Over the last few days, almost everyone who speaks to me has asked me one of the two things- ‘So koi result aaya?’ or ‘Koi Job interview ka call aaya’. Of course there are variations about waitlist movements and more. And mumbling a hesitant ‘Not Really’, makes people put their best sympathetic face forward. Or like S enquired yesterday, truly incredulous at my insufficiently depressed demeanor ‘Teri fatt nahi rahi?’

Well for some reason, nahi, m no longer wishing to die (Oh ok, I never wished that, I still have to visit Sydney, blow my parents’ money when I get married, force my child to learn taekwondo and certain more ambitious goals). After a lot of painful rationalization, I do think, this could be the best thing to happen to me. My completely unreasonable but insuppressible anger with life, parents, BF, friends and God has dissolved. Not being much of a religious person in any case, I do feel if there really is an entity like God, he/she would be quite amused by me. I think our one-sided relationship involved a lot of name calling, and that should end now. 

Well, suddenly there’s so much to do in life, and monotonously doing a job which I hate, isn’t going to help my cause.

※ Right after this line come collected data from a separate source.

(* Let $L$ be a finite-dimensional Lie algebra over a field $F$ and let $Q$ be a strong quasi-ideal of $L$. Then either $Q$ is a strong ideal of $L$, or $L$ is almost abelian, or $F$ has characteristic two and there is an isomorphism $L\cong K$ carrying $Q$ onto $Fc$.
   Context: $K$ denotes the three-dimensional Lie algebra with basis $a,b,c$ and products $[a,b]=c$, $[b,c]=b$, $[a,c]=a$. A subalgebra $Q$ is a quasi-ideal of $L$ if $[Q,V]\subseteq Q+V$ for every subspace $V$ of $L$. A subalgebra $U$ of $L$ is a strong ideal (respectively strong quasi-ideal) of $L$ if every one-dimensional subalgebra of $U$ is an ideal (respectively quasi-ideal) of $L$. $L$ is almost abelian if $L=L^2\oplus Fx$ for some $x$, where $L^2=[L,L]$ is abelian and $\mathrm{ad}\,x$ acts as the identity map on $L^2$. *)

theory Defs
  imports Main HOL.Vector_Spaces "HOL-Library.Product_Plus"
begin

definition lie_algebra :: "('a::field \<Rightarrow> 'v::ab_group_add \<Rightarrow> 'v) \<Rightarrow> ('v \<Rightarrow> 'v \<Rightarrow> 'v) \<Rightarrow> bool" where
  "lie_algebra scale br \<longleftrightarrow>
     vector_space scale \<and>
     (\<forall>x y z. br (x + y) z = br x z + br y z) \<and>
     (\<forall>x y z. br x (y + z) = br x y + br x z) \<and>
     (\<forall>r x y. br (scale r x) y = scale r (br x y)) \<and>
     (\<forall>r x y. br x (scale r y) = scale r (br x y)) \<and>
     (\<forall>x. br x x = 0) \<and>
     (\<forall>x y z. br x (br y z) + br y (br z x) + br z (br x y) = 0)"

definition fin_dim :: "('a::field \<Rightarrow> 'v::ab_group_add \<Rightarrow> 'v) \<Rightarrow> bool" where
  "fin_dim scale \<longleftrightarrow> (\<exists>B. finite B \<and> module.span scale B = UNIV)"

definition brk_sp :: "('a::field \<Rightarrow> 'v::ab_group_add \<Rightarrow> 'v) \<Rightarrow> ('v \<Rightarrow> 'v \<Rightarrow> 'v) \<Rightarrow> 'v set \<Rightarrow> 'v set \<Rightarrow> 'v set" where
  "brk_sp scale br U V = module.span scale {br u v | u v. u \<in> U \<and> v \<in> V}"

definition sum_sp :: "'v::ab_group_add set \<Rightarrow> 'v set \<Rightarrow> 'v set" where
  "sum_sp U V = {u + v | u v. u \<in> U \<and> v \<in> V}"

definition lie_subalgebra :: "('a::field \<Rightarrow> 'v::ab_group_add \<Rightarrow> 'v) \<Rightarrow> ('v \<Rightarrow> 'v \<Rightarrow> 'v) \<Rightarrow> 'v set \<Rightarrow> bool" where
  "lie_subalgebra scale br U \<longleftrightarrow> module.subspace scale U \<and> (\<forall>x\<in>U. \<forall>y\<in>U. br x y \<in> U)"

definition lie_ideal :: "('a::field \<Rightarrow> 'v::ab_group_add \<Rightarrow> 'v) \<Rightarrow> ('v \<Rightarrow> 'v \<Rightarrow> 'v) \<Rightarrow> 'v set \<Rightarrow> bool" where
  "lie_ideal scale br I \<longleftrightarrow> module.subspace scale I \<and> brk_sp scale br UNIV I \<subseteq> I"

definition quasi_ideal :: "('a::field \<Rightarrow> 'v::ab_group_add \<Rightarrow> 'v) \<Rightarrow> ('v \<Rightarrow> 'v \<Rightarrow> 'v) \<Rightarrow> 'v set \<Rightarrow> bool" where
  "quasi_ideal scale br Q \<longleftrightarrow> lie_subalgebra scale br Q \<and>
     (\<forall>V. module.subspace scale V \<longrightarrow> brk_sp scale br Q V \<subseteq> sum_sp Q V)"

definition one_dim_subalgebras :: "('a::field \<Rightarrow> 'v::ab_group_add \<Rightarrow> 'v) \<Rightarrow> ('v \<Rightarrow> 'v \<Rightarrow> 'v) \<Rightarrow> 'v set \<Rightarrow> 'v set set" where
  "one_dim_subalgebras scale br U =
     {W. W \<subseteq> U \<and> lie_subalgebra scale br W \<and> vector_space.dim scale W = 1}"

definition strong_ideal :: "('a::field \<Rightarrow> 'v::ab_group_add \<Rightarrow> 'v) \<Rightarrow> ('v \<Rightarrow> 'v \<Rightarrow> 'v) \<Rightarrow> 'v set \<Rightarrow> bool" where
  "strong_ideal scale br U \<longleftrightarrow> lie_subalgebra scale br U \<and>
     (\<forall>W\<in>one_dim_subalgebras scale br U. lie_ideal scale br W)"

definition strong_quasi_ideal :: "('a::field \<Rightarrow> 'v::ab_group_add \<Rightarrow> 'v) \<Rightarrow> ('v \<Rightarrow> 'v \<Rightarrow> 'v) \<Rightarrow> 'v set \<Rightarrow> bool" where
  "strong_quasi_ideal scale br U \<longleftrightarrow> lie_subalgebra scale br U \<and>
     (\<forall>W\<in>one_dim_subalgebras scale br U. quasi_ideal scale br W)"

definition almost_abelian :: "('a::field \<Rightarrow> 'v::ab_group_add \<Rightarrow> 'v) \<Rightarrow> ('v \<Rightarrow> 'v \<Rightarrow> 'v) \<Rightarrow> bool" where
  "almost_abelian scale br \<longleftrightarrow>
     (let L2 = brk_sp scale br UNIV UNIV in
      \<exists>x. sum_sp L2 (module.span scale {x}) = UNIV \<and>
          L2 \<inter> module.span scale {x} = {0} \<and>
          (\<forall>u\<in>L2. \<forall>v\<in>L2. br u v = 0) \<and>
          (\<forall>u\<in>L2. br x u = u))"

text \<open>The algebra K on F^3 = F a + F b + F c (coordinates w.r.t. a, b, c):
 [a,b]=c, [b,c]=b, [a,c]=a.\<close>
definition K_scale :: "'a::field \<Rightarrow> 'a \<times> 'a \<times> 'a \<Rightarrow> 'a \<times> 'a \<times> 'a" where
  "K_scale r x = (case x of (x1, x2, x3) \<Rightarrow> (r * x1, r * x2, r * x3))"

definition K_bracket :: "'a::field \<times> 'a \<times> 'a \<Rightarrow> 'a \<times> 'a \<times> 'a \<Rightarrow> 'a \<times> 'a \<times> 'a" where
  "K_bracket x y = (case x of (x1, x2, x3) \<Rightarrow> case y of (y1, y2, y3) \<Rightarrow>
      (x1 * y3 - x3 * y1, x2 * y3 - x3 * y2, x1 * y2 - x2 * y1))"

definition K_a :: "'a::field \<times> 'a \<times> 'a" where "K_a = (1, 0, 0)"
definition K_b :: "'a::field \<times> 'a \<times> 'a" where "K_b = (0, 1, 0)"
definition K_c :: "'a::field \<times> 'a \<times> 'a" where "K_c = (0, 0, 1)"

end

theory Submission
  imports Defs
begin

(* Let Q be a strong quasi-ideal: every line Fn \<subseteq> Q is a quasi-ideal, which amounts to
   [n,y] \<in> Fn + Fy for all y.  If Q is not a strong ideal, some line Fx0 \<subseteq> Q is not an
   ideal; then ad x0 acts on L/Fx0 as a nonzero scalar, and after rescaling we get x \<in> Q
   with [x,y] \<in> y + Fx for all y (a "unit element").  For such x, L = N \<oplus> Fx with
   N = {y. [x,y] = y}, and by the Jacobi identity [N,N] \<subseteq> Fx and 2[N,N] = 0.
   If N is abelian, L is almost abelian with L^2 = N.  Otherwise the characteristic is 2,
   N = Fa + Fb with [a,b] = x, and (a,b,x) \<mapsto> (a,b,c) is an isomorphism L \<cong> K; moreover
   no nonzero n \<in> N can lie in Q (Fn would not be a quasi-ideal), which forces Q = Fx.

   The argument never uses finite
   dimensionality, so that hypothesis of the theorem stays idle. *)

lemma char_two:
  assumes "(1::'a::field) + 1 = 0"
  shows "CHAR('a) = 2"
proof (rule CHAR_eq_posI)
  show "of_nat 2 = (0::'a)" using assms by simp
  show "\<And>n. 0 < n \<Longrightarrow> n < 2 \<Longrightarrow> of_nat n \<noteq> (0::'a)"
    by (metis One_nat_def less_2_cases not_less_zero of_nat_1 one_neq_zero)
qed simp

locale lie = vector_space scale
  for scale :: "'a::field \<Rightarrow> 'v::ab_group_add \<Rightarrow> 'v" (infixr \<open>*s\<close> 75) +
  fixes br :: "'v \<Rightarrow> 'v \<Rightarrow> 'v"
  assumes addL: "br (x + y) z = br x z + br y z"
    and addR: "br x (y + z) = br x y + br x z"
    and scL: "br (r *s x) y = r *s (br x y)"
    and scR: "br x (r *s y) = r *s (br x y)"
    and alt: "br x x = 0"
    and jac: "br x (br y z) + br y (br z x) + br z (br x y) = 0"
begin

lemma br0L[simp]: "br 0 y = 0" using addL[of 0 0 y] by simp
lemma br0R[simp]: "br x 0 = 0" using addR[of x 0 0] by simp

lemma brnegL[simp]: "br (- x) y = - br x y"
  using addL[of x "-x" y] by (simp add: eq_neg_iff_add_eq_0 add.commute)

lemma brnegR[simp]: "br x (- y) = - br x y"
  using addR[of x y "-y"] by (simp add: eq_neg_iff_add_eq_0 add.commute)

lemma brdiffL[simp]: "br (x - y) z = br x z - br y z"
  by (simp only: diff_conv_add_uminus addL brnegL)

lemma brdiffR[simp]: "br x (y - z) = br x y - br x z"
  by (simp only: diff_conv_add_uminus addR brnegR)

lemma anti: "br y x = - br x y"
proof -
  have "br (x + y) (x + y) = br x x + br x y + (br y x + br y y)"
    by (simp only: addL addR ac_simps)
  then have "br x y + br y x = 0" by (simp add: alt)
  then show ?thesis by (metis add.commute eq_neg_iff_add_eq_0)
qed

lemmas brs[simp] = addL addR scL scR alt

lemma span1: "w \<in> span {x} \<longleftrightarrow> (\<exists>k. w = k *s x)"
  by (auto simp: span_singleton)

lemma span2: "w \<in> span {y, z} \<longleftrightarrow> (\<exists>a b. w = a *s y + b *s z)"
  by (simp add: span_breakdown_eq span1)
     (metis add.commute diff_add_cancel add_diff_cancel_left')

lemma solve1: "c \<noteq> 0 \<Longrightarrow> c *s y = a *s x \<Longrightarrow> y \<in> span {x}"
proof -
  assume c: "c \<noteq> 0" and e: "c *s y = a *s x"
  have "y = (1/c) *s (c *s y)" using c by simp
  also have "\<dots> = (a / c) *s x" by (simp add: e)
  finally show ?thesis by (auto simp: span1)
qed

lemma solve2: "c \<noteq> 0 \<Longrightarrow> c *s y = a *s x + b *s z \<Longrightarrow> y \<in> span {x, z}"
proof -
  assume c: "c \<noteq> 0" and e: "c *s y = a *s x + b *s z"
  have "y = (1/c) *s (c *s y)" using c by simp
  also have "\<dots> = (a / c) *s x + (b / c) *s z" by (simp add: e scale_right_distrib)
  finally show ?thesis by (auto simp: span2)
qed

lemma dim_span1: "x \<noteq> 0 \<Longrightarrow> dim (span {x}) = 1"
  using independent_insertI[of x "{}"] by (simp add: dim_eq_card_independent)

lemma dim1_obtain:
  assumes "subspace W" "dim W = 1"
  obtains x where "x \<noteq> 0" "x \<in> W" "W = span {x}"
proof -
  obtain B where B: "B \<subseteq> W" "independent B" "W \<subseteq> span B" "card B = dim W"
    using basis_exists by blast
  then have "card B = 1" using assms by simp
  then obtain x where x: "B = {x}" by (rule card_1_singletonE)
  have "x \<noteq> 0" using B(2) x dependent_zero by blast
  moreover have "x \<in> W" using B(1) x by blast
  moreover have "W = span {x}" using B(3) x span_minimal[of "{x}" W] assms(1) \<open>x \<in> W\<close> by blast
  ultimately show ?thesis using that by blast
qed

lemma line_image_K_c:
  assumes "\<forall>t. \<phi> (t *s x) = (0, 0, t)"
  shows "\<phi> ` span {x} = {K_scale t K_c | t. True}"
proof -
  have "\<phi> ` span {x} = range (\<lambda>t. \<phi> (t *s x))" by (auto simp: span1)
  also have "\<dots> = {K_scale t K_c | t. True}" using assms by (auto simp: K_scale_def K_c_def)
  finally show ?thesis .
qed

definition quasi_element :: "'v \<Rightarrow> bool" where
  "quasi_element x \<longleftrightarrow> (\<forall>y. \<exists>t r. br x y = t *s x + r *s y)"

lemma quasi_ideal_line:
  assumes "quasi_ideal scale br (span {n})"
  shows "quasi_element n"
  unfolding quasi_element_def
proof
  fix y
  have "brk_sp scale br (span {n}) (span {y}) \<subseteq> sum_sp (span {n}) (span {y})"
    using assms unfolding quasi_ideal_def by blast
  moreover have "br n y \<in> brk_sp scale br (span {n}) (span {y})"
    unfolding brk_sp_def by (rule span_base) (auto intro: span_base)
  ultimately have "br n y \<in> sum_sp (span {n}) (span {y})" by blast
  then show "\<exists>t r. br n y = t *s n + r *s y" unfolding sum_sp_def span1 by blast
qed

lemma strong_quasi_ideal_elements:
  assumes Q: "strong_quasi_ideal scale br Q" and n: "n \<in> Q" "n \<noteq> 0"
  shows "quasi_element n"
proof -
  have "subspace Q" using Q unfolding strong_quasi_ideal_def lie_subalgebra_def by blast
  then have "span {n} \<subseteq> Q" using n by (simp add: span_minimal)
  moreover have "lie_subalgebra scale br (span {n})"
    unfolding lie_subalgebra_def by (auto simp: span1)
  moreover have "dim (span {n}) = 1" using dim_span1 n by blast
  ultimately show ?thesis
    using Q quasi_ideal_line unfolding strong_quasi_ideal_def one_dim_subalgebras_def by blast
qed

text \<open>If the line Fx0 is a quasi-ideal but [x0,u] \<notin> Fx0, then ad x0 acts on L/Fx0 as one
  nonzero scalar r: the coefficient of y in [x0,y] cannot depend on y.\<close>
lemma quasi_element_scalar:
  assumes x0: "x0 \<noteq> 0" and q: "quasi_element x0" and u: "br x0 u \<notin> span {x0}"
  shows "\<exists>r. r \<noteq> 0 \<and> (\<forall>y. \<exists>t. br x0 y = r *s y + t *s x0)"
proof -
  obtain t0 r where tr: "br x0 u = t0 *s x0 + r *s u" using q unfolding quasi_element_def by blast
  have r: "r \<noteq> 0" using tr u by (auto simp: span1)
  have un: "u \<notin> span {x0}" using u by (auto simp: span1 span_zero)
  have "\<exists>t. br x0 y = r *s y + t *s x0" for y
  proof (cases "y \<in> span {x0, u}")
    case True
    then obtain p q where y: "y = p *s x0 + q *s u" by (auto simp: span2)
    have "br x0 y = q *s br x0 u" by (simp add: y)
    also have "\<dots> = r *s y + (q * t0 - r * p) *s x0" by (simp add: tr y algebra_simps)
    finally show ?thesis by blast
  next
    case False
    obtain t1 r1 where 1: "br x0 y = t1 *s x0 + r1 *s y"
      using q unfolding quasi_element_def by blast
    obtain t2 r2 where 2: "br x0 (y + u) = t2 *s x0 + r2 *s (y + u)"
      using q unfolding quasi_element_def by blast
    have eq: "(r1 - r2) *s y = (t2 - t1 - t0) *s x0 + (r2 - r) *s u"
      using 1 2 tr by (simp add: algebra_simps)
    have "r1 = r2" using solve2[OF _ eq] False by auto
    then have "(r - r2) *s u = (t2 - t1 - t0) *s x0" using eq by (simp add: algebra_simps)
    then have "r = r2" using solve1[of "r - r2" u] un by auto
    then show ?thesis using 1 \<open>r1 = r2\<close> by (metis add.commute)
  qed
  then show ?thesis using r by blast
qed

So here's me, having quit my job, I do realize the need to do a lot of introspection as to whether corporate life is really for me, whether I am aimlessly targeting goals without knowing why. Probably next year, I wouldn’t need to come up with creative fake answers, if at all I go down that road again.

So while I fluctuate between feeling excited and feeling depressed about the status quo, I do hope to use it wisely. This blog is just going to be a product of that effort.